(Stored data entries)
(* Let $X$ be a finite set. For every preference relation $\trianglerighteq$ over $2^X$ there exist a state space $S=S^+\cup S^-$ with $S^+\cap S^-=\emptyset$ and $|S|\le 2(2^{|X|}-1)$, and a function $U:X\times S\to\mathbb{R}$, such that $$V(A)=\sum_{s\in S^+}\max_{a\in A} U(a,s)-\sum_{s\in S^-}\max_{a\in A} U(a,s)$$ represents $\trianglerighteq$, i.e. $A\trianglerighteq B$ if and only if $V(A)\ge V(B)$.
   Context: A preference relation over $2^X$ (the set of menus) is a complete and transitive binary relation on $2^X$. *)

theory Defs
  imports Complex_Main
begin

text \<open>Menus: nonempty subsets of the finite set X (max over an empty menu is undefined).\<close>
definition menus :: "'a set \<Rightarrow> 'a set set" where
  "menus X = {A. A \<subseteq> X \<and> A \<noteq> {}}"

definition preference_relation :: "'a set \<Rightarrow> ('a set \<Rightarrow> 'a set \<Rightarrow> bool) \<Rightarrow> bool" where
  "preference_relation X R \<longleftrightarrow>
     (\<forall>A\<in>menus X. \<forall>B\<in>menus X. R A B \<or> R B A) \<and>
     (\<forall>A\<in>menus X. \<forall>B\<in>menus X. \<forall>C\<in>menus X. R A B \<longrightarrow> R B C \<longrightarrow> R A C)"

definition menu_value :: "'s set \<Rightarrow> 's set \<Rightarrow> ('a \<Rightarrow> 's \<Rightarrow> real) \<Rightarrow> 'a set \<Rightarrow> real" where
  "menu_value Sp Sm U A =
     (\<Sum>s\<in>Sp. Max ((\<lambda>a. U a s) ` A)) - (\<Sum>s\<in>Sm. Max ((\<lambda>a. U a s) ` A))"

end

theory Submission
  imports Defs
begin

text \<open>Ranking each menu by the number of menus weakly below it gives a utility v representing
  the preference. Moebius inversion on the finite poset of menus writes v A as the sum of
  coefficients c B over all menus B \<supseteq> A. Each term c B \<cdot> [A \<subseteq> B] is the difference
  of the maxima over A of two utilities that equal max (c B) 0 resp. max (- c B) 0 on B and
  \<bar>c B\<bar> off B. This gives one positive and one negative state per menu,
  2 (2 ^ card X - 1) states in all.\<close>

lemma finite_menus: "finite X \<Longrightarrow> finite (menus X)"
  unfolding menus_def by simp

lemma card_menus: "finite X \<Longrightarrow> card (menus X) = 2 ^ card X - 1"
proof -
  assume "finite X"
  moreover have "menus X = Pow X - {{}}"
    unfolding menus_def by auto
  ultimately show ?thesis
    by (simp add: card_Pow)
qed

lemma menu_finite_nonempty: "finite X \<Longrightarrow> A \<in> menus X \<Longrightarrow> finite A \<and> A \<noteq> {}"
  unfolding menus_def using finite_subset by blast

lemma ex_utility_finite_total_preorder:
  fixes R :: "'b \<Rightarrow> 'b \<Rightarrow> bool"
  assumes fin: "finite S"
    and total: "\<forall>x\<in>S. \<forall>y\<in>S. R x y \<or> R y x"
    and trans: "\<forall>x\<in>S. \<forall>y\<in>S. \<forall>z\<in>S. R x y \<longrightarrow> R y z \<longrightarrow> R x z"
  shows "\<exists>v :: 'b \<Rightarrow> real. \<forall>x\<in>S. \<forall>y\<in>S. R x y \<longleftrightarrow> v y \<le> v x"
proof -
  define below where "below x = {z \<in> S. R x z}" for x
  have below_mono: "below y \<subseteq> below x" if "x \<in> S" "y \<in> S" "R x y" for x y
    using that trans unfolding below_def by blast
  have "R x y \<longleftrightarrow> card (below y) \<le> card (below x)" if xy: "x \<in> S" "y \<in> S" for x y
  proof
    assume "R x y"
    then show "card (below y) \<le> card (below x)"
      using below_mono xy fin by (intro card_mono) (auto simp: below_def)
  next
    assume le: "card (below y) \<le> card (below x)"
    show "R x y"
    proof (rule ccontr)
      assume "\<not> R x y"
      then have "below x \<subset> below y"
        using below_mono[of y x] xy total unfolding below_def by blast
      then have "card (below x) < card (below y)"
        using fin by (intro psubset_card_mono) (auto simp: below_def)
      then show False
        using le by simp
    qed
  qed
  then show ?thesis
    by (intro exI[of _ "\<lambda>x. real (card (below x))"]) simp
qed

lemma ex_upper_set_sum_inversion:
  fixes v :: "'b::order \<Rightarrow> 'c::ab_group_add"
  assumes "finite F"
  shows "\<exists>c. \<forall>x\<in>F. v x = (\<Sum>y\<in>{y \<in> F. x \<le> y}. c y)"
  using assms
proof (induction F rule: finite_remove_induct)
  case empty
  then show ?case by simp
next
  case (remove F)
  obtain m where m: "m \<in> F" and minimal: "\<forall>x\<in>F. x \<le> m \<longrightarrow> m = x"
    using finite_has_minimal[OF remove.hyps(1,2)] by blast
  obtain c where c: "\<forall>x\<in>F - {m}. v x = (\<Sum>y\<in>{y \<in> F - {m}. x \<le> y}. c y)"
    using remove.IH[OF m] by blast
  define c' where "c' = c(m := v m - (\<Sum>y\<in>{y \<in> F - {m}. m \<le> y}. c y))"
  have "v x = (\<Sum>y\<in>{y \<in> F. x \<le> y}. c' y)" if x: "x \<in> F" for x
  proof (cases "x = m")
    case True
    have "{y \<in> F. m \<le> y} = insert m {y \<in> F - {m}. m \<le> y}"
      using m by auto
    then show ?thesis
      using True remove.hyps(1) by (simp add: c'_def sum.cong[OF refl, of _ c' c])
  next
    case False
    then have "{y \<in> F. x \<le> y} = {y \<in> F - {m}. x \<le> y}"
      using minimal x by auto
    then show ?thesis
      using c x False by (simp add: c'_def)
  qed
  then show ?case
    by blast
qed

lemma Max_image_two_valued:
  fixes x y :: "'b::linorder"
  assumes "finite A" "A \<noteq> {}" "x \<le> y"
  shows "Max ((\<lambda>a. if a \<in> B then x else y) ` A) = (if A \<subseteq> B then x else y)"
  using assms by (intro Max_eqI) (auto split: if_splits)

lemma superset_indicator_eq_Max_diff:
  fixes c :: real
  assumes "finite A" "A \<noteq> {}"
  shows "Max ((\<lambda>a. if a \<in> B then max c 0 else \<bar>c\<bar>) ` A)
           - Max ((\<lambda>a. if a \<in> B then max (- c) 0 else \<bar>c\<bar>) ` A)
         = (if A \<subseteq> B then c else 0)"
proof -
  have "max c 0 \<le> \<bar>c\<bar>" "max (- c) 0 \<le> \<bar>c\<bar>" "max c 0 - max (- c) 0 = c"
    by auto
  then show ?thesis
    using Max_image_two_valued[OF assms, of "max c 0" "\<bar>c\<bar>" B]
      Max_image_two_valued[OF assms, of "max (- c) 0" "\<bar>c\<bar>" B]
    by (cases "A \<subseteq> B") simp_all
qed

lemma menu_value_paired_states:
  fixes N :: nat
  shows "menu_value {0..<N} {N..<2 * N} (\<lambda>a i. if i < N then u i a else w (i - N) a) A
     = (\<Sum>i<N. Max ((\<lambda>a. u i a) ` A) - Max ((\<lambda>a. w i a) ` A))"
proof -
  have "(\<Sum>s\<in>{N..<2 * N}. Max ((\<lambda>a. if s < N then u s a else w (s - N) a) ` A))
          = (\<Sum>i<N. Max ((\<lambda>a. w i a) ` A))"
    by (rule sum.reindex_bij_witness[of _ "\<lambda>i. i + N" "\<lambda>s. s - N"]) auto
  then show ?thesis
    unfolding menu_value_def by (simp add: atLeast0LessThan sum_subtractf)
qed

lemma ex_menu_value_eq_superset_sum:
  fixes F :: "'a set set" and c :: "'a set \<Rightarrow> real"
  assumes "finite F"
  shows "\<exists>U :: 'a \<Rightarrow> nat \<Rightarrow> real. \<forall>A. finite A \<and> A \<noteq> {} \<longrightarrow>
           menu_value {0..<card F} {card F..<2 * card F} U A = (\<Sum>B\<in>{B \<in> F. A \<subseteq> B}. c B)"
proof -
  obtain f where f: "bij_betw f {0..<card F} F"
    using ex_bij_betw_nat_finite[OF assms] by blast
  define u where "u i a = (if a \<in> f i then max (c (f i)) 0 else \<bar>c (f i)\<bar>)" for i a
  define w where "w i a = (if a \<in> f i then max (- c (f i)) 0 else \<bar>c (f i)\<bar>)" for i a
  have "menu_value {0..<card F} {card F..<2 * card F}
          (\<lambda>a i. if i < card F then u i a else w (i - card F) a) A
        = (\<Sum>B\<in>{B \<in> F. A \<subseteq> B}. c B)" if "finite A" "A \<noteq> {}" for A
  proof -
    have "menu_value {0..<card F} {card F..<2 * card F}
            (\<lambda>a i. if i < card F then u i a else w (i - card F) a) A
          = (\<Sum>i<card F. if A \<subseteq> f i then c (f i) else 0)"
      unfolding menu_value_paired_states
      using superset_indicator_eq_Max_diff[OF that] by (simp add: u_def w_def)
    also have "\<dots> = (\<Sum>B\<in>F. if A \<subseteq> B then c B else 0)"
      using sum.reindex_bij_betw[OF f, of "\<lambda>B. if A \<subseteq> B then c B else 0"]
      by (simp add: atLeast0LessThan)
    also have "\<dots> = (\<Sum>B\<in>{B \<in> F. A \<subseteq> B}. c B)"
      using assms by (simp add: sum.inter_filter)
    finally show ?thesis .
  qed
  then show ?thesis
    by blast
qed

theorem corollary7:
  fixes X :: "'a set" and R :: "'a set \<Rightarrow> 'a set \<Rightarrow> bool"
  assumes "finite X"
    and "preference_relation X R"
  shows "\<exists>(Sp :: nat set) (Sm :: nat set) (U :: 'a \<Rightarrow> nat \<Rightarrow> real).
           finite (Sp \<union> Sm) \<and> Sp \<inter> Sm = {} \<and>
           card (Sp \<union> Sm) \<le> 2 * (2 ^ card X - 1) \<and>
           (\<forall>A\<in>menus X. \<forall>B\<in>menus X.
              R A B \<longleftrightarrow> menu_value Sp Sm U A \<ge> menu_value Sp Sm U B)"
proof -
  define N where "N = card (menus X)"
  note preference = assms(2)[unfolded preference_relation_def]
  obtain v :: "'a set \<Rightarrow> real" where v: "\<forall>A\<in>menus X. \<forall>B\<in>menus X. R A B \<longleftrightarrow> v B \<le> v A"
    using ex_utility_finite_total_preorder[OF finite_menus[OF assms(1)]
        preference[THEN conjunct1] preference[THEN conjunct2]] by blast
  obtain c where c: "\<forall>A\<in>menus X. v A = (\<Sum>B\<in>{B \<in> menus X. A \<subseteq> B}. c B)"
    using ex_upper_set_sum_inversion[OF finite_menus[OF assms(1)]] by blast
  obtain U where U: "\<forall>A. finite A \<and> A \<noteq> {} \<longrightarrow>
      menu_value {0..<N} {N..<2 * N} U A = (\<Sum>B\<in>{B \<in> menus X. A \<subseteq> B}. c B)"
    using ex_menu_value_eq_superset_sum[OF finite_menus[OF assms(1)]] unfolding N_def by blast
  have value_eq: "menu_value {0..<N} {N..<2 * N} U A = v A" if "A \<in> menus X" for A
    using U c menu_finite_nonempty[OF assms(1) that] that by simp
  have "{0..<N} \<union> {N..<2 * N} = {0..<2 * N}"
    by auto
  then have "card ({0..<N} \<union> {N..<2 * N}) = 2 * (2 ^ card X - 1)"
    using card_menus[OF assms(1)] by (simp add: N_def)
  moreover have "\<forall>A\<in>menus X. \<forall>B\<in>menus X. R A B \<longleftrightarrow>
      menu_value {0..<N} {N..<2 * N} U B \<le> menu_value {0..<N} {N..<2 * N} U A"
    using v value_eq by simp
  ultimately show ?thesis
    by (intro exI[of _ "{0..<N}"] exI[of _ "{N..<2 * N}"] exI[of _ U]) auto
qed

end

---

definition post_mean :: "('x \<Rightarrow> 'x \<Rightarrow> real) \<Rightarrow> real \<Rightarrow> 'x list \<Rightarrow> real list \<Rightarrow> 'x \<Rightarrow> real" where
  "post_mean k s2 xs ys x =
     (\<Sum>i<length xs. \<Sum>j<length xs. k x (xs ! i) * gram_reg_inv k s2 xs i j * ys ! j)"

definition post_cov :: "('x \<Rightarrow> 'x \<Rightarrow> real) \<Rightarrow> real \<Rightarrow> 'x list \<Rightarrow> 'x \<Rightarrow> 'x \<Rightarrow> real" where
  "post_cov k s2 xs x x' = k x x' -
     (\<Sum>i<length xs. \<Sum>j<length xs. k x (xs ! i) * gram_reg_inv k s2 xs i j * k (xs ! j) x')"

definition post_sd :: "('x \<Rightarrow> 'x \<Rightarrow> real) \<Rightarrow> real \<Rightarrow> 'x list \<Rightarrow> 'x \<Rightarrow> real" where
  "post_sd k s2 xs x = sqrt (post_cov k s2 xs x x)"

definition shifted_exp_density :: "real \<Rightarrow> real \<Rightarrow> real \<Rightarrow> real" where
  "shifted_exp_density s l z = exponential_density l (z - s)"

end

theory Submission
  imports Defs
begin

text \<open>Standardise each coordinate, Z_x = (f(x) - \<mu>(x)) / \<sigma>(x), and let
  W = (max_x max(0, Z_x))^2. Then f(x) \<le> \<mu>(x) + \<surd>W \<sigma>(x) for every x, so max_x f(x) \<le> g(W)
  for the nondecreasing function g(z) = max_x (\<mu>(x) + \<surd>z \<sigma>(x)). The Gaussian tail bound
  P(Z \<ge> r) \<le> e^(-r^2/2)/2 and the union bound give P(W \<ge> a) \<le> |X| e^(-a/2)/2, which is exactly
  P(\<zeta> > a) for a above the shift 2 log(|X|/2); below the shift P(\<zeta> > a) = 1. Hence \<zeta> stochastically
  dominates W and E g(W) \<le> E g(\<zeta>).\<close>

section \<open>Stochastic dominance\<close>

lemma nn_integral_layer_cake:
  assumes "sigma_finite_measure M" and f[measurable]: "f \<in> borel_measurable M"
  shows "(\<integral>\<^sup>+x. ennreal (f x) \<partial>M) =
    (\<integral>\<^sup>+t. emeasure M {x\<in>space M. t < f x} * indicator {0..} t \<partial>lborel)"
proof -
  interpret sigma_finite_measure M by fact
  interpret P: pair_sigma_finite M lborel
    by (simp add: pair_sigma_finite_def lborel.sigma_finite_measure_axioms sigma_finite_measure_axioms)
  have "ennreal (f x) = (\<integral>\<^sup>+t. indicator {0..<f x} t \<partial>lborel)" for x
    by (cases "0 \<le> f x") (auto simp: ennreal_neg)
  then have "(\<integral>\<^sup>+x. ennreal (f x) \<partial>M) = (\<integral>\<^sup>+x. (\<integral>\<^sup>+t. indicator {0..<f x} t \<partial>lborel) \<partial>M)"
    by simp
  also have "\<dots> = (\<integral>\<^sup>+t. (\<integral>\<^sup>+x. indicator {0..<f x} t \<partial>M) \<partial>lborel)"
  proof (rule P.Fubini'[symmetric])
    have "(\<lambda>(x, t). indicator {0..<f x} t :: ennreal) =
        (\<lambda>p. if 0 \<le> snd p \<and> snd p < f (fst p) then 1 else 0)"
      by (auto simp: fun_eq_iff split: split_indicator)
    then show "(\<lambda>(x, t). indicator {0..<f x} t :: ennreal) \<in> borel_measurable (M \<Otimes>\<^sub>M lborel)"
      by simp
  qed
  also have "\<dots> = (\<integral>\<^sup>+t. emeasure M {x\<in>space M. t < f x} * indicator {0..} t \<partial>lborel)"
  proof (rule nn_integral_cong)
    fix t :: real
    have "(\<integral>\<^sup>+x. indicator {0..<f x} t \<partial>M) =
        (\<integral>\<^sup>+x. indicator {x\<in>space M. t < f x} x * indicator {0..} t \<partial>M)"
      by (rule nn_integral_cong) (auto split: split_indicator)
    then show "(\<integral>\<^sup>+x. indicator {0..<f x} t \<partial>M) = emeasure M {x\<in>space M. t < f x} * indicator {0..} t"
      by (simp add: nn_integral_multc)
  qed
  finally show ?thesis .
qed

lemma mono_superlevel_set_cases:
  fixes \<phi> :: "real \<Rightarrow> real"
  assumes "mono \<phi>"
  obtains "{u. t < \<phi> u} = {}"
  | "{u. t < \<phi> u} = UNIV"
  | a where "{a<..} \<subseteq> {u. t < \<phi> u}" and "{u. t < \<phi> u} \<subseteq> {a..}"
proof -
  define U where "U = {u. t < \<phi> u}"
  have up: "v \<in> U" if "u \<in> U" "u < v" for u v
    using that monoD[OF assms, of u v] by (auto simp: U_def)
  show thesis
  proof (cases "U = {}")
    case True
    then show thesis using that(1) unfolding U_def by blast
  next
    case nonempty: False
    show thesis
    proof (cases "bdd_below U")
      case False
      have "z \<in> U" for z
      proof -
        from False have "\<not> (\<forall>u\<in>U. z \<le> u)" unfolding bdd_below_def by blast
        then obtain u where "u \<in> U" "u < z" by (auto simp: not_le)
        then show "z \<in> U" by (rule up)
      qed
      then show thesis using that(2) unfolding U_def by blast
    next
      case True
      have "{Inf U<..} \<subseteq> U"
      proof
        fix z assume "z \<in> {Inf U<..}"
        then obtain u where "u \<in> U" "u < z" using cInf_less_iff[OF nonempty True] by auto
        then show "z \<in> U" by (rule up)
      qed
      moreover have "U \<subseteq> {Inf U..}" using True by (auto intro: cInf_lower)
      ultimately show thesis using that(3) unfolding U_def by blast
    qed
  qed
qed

Activity:
Print, without alteration, only the lines above between the one holding "k s2 xs ys x" and the one holding "k s2 xs x x'", inclusive.

Answer to the exercise:
  "post_mean k s2 xs ys x =
     (\<Sum>i<length xs. \<Sum>j<length xs. k x (xs ! i) * gram_reg_inv k s2 xs i j * ys ! j)"

definition post_cov :: "('x \<Rightarrow> 'x \<Rightarrow> real) \<Rightarrow> real \<Rightarrow> 'x list \<Rightarrow> 'x \<Rightarrow> 'x \<Rightarrow> real" where
  "post_cov k s2 xs x x' = k x x' -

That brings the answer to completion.